§ EXERCISE INSTRUCTIONS: Could you filter the data below down to the lines that hold the word "forall"?

§ RECORDED DATA:
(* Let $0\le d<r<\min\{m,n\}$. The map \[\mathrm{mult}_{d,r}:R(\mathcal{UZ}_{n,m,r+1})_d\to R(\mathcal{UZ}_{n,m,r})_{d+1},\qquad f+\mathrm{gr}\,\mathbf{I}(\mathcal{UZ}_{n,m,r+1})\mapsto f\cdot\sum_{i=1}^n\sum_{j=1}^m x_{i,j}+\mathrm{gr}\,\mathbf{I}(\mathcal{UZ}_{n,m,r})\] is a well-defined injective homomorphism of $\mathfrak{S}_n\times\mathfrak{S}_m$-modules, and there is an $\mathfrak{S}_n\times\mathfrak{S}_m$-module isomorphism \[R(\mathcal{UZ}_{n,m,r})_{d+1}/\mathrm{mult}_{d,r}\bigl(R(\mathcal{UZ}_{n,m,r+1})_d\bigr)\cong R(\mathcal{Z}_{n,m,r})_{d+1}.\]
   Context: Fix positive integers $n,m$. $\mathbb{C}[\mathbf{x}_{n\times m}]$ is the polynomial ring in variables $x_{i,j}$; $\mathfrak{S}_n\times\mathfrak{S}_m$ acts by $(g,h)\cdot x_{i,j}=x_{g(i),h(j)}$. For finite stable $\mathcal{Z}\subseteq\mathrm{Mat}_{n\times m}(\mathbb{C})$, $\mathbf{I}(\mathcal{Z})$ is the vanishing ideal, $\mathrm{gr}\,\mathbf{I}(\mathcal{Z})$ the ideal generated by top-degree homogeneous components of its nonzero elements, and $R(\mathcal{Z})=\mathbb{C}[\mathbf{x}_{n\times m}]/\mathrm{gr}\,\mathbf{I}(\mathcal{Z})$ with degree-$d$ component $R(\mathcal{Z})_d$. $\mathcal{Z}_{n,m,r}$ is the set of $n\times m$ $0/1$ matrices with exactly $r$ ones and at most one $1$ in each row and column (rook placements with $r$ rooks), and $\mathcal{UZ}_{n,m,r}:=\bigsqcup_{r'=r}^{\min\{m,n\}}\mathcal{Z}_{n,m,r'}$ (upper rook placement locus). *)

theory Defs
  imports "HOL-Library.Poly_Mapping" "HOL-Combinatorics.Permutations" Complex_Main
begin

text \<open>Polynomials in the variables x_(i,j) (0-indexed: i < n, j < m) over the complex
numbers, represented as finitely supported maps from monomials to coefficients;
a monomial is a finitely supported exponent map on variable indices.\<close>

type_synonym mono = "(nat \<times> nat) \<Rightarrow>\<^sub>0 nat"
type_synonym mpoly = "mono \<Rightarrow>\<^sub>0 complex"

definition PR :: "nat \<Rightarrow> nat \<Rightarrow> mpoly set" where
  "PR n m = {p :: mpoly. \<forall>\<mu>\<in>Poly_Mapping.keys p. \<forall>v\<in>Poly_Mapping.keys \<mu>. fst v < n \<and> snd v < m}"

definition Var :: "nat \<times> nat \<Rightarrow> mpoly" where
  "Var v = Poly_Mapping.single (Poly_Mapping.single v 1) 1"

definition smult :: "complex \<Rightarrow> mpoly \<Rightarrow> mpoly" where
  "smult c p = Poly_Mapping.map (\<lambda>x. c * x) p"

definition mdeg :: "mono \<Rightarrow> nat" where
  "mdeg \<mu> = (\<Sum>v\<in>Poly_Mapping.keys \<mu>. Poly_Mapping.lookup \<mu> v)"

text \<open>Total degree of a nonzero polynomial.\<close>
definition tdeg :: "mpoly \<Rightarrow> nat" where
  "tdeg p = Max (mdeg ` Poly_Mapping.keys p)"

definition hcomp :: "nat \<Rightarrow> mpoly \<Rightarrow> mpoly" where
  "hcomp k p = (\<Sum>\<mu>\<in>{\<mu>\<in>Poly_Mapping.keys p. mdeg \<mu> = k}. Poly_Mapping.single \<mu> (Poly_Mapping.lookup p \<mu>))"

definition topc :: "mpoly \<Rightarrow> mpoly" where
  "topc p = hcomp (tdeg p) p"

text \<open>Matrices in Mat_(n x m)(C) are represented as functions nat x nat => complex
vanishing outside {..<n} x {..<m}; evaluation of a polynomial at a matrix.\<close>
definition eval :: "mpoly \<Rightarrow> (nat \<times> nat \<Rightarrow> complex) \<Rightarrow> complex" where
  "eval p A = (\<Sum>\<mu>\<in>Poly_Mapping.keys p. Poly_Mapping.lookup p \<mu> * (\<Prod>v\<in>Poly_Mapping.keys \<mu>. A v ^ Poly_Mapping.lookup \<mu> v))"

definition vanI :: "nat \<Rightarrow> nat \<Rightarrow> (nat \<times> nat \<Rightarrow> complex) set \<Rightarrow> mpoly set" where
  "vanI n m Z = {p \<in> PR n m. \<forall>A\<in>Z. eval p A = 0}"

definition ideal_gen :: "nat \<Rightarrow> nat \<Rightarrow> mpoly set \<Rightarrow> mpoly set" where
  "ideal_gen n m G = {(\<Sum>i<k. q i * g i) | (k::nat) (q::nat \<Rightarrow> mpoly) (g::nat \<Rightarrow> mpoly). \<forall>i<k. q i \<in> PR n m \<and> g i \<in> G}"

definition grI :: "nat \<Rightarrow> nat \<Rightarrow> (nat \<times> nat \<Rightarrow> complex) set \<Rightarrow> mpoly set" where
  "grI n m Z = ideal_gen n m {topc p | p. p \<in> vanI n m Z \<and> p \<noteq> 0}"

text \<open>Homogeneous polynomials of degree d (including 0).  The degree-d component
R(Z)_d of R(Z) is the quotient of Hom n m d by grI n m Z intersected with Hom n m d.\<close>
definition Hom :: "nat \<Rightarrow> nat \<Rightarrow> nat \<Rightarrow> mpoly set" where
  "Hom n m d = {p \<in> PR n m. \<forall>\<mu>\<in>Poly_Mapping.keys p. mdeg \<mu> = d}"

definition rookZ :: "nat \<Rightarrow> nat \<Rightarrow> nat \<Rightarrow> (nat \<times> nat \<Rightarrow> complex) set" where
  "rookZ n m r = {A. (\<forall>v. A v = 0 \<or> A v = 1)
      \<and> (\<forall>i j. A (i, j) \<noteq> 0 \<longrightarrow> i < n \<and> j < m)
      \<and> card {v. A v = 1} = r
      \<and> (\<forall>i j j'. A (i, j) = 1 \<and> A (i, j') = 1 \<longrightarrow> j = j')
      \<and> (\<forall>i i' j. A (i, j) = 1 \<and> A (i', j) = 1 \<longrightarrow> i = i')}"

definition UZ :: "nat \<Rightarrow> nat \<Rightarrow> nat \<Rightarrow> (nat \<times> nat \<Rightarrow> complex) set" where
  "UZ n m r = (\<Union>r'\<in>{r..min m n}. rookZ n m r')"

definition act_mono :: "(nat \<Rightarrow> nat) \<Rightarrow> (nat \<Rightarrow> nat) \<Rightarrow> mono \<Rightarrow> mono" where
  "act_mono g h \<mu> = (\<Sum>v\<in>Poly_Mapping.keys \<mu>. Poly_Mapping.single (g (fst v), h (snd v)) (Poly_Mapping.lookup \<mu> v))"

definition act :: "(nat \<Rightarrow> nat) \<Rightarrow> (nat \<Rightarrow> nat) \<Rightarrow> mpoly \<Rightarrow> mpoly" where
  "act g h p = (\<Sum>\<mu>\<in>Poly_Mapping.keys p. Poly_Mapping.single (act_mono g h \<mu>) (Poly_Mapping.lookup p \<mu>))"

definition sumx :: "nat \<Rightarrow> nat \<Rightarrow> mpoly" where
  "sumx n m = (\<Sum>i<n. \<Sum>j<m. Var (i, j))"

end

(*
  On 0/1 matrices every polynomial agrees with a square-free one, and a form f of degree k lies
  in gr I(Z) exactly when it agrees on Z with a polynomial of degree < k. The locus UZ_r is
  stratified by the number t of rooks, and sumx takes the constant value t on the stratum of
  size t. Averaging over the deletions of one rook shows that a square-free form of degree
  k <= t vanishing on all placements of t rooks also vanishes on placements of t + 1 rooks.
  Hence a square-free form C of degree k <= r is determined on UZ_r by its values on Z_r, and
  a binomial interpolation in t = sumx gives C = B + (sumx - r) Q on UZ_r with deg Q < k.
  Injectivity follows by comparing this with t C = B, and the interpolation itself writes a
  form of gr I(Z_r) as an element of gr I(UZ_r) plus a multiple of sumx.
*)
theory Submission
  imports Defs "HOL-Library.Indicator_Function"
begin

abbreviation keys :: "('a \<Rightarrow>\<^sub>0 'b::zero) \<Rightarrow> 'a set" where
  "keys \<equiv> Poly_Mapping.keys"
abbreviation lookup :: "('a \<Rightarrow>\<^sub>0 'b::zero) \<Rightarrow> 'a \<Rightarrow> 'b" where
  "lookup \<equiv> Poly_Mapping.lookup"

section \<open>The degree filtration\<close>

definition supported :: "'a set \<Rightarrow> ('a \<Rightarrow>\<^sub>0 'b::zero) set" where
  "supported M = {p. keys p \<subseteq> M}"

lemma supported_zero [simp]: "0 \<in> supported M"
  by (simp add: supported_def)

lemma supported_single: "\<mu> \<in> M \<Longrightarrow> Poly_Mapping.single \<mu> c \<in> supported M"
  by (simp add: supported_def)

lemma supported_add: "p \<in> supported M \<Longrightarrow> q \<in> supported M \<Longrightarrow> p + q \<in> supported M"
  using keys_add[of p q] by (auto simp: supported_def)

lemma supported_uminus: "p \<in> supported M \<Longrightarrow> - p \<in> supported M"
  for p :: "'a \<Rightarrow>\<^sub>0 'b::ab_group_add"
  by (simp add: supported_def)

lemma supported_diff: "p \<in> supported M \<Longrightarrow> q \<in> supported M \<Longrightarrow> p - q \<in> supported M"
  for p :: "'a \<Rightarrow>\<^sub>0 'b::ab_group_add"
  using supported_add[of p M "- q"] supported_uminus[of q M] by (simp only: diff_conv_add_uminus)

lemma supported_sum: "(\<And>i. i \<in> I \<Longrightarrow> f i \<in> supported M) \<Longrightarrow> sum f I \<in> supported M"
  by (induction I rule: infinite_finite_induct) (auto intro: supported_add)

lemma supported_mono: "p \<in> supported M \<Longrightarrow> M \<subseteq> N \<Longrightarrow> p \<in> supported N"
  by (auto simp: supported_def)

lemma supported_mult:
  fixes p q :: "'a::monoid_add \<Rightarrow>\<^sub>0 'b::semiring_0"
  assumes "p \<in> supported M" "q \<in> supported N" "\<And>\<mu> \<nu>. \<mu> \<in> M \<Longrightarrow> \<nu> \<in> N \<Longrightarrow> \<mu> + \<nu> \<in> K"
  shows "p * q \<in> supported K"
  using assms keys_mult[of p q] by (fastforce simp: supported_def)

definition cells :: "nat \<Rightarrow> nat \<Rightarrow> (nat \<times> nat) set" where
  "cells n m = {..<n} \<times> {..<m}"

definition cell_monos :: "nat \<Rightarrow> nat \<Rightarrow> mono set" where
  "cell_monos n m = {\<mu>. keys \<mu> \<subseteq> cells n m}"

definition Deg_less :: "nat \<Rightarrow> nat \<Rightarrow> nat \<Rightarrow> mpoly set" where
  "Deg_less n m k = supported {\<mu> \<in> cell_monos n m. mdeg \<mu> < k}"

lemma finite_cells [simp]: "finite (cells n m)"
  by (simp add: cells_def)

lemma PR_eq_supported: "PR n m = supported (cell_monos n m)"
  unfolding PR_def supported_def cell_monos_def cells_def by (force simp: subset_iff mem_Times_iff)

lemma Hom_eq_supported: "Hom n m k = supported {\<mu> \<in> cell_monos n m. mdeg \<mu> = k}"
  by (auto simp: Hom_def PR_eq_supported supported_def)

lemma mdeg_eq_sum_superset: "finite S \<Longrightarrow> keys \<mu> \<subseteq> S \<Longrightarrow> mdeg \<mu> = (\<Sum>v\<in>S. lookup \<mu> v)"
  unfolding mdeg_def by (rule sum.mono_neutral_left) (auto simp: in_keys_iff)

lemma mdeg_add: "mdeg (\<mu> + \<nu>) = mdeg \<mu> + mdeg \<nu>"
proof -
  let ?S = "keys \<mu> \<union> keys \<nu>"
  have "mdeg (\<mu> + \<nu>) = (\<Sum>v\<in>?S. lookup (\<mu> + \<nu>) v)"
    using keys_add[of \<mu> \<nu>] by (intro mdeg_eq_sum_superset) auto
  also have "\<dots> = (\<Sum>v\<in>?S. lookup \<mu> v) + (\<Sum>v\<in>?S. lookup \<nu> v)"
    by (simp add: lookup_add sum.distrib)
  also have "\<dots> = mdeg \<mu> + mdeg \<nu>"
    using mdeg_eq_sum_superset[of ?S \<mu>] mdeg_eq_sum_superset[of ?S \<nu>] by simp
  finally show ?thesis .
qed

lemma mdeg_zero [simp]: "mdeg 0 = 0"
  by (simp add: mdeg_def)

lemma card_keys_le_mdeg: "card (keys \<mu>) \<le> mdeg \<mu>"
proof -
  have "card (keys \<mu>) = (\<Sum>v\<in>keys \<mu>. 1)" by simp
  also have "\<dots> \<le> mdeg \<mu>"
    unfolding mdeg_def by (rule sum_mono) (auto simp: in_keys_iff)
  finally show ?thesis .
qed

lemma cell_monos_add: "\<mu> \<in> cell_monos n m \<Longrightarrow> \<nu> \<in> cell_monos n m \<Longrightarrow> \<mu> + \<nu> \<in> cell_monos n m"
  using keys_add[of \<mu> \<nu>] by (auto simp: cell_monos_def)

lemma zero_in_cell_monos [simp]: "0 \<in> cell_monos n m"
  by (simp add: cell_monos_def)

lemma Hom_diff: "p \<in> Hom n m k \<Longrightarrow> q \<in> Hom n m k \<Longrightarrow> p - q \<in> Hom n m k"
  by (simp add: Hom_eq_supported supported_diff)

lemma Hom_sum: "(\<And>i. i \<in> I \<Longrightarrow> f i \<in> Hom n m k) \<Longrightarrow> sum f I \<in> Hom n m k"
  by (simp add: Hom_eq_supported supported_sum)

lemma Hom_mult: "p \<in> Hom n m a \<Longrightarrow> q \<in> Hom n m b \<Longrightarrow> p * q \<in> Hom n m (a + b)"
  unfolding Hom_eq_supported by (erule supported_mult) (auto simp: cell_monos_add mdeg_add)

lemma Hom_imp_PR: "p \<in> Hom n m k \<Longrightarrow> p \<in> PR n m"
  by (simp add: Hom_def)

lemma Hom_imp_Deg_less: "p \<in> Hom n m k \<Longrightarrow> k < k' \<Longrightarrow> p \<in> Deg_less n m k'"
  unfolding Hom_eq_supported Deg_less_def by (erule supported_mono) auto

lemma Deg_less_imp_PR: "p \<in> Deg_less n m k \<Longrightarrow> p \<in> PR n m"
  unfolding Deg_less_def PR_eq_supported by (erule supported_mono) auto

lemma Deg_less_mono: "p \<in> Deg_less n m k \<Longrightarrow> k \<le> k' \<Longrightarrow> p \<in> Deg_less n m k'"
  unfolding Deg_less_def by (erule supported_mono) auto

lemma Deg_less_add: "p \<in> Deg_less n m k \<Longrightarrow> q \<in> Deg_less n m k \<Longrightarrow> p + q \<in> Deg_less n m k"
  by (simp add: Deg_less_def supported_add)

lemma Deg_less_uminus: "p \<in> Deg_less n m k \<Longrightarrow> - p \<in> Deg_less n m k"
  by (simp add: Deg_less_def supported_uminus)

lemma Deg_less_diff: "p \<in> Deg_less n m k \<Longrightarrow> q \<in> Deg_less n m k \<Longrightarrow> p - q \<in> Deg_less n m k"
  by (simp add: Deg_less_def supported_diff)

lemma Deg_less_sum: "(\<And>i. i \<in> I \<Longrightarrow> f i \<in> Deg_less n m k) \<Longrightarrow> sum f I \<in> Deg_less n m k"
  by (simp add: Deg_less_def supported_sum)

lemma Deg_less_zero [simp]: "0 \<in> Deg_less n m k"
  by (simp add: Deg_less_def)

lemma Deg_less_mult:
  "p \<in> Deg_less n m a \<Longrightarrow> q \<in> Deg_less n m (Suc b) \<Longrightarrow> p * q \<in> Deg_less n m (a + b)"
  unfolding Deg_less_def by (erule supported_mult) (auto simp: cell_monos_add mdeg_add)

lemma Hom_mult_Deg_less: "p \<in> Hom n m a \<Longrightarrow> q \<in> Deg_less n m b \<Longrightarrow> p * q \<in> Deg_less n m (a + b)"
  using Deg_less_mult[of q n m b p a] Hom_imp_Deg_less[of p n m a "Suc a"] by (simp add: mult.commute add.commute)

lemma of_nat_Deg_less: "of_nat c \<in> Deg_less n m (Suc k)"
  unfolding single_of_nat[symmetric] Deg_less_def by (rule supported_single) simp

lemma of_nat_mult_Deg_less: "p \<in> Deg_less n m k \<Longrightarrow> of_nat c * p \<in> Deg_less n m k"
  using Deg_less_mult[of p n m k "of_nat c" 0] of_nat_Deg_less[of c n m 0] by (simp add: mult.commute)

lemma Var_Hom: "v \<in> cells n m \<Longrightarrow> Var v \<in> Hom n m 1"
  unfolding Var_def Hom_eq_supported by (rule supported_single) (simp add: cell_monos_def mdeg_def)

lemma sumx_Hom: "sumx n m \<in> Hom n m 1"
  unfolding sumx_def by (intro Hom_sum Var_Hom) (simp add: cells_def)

§ SOLVED EXERCISE:
  "PR n m = {p :: mpoly. \<forall>\<mu>\<in>Poly_Mapping.keys p. \<forall>v\<in>Poly_Mapping.keys \<mu>. fst v < n \<and> snd v < m}"
  "vanI n m Z = {p \<in> PR n m. \<forall>A\<in>Z. eval p A = 0}"
  "ideal_gen n m G = {(\<Sum>i<k. q i * g i) | (k::nat) (q::nat \<Rightarrow> mpoly) (g::nat \<Rightarrow> mpoly). \<forall>i<k. q i \<in> PR n m \<and> g i \<in> G}"
  "Hom n m d = {p \<in> PR n m. \<forall>\<mu>\<in>Poly_Mapping.keys p. mdeg \<mu> = d}"
  "rookZ n m r = {A. (\<forall>v. A v = 0 \<or> A v = 1)
      \<and> (\<forall>i j. A (i, j) \<noteq> 0 \<longrightarrow> i < n \<and> j < m)
      \<and> (\<forall>i j j'. A (i, j) = 1 \<and> A (i, j') = 1 \<longrightarrow> j = j')
      \<and> (\<forall>i i' j. A (i, j) = 1 \<and> A (i', j) = 1 \<longrightarrow> i = i')}"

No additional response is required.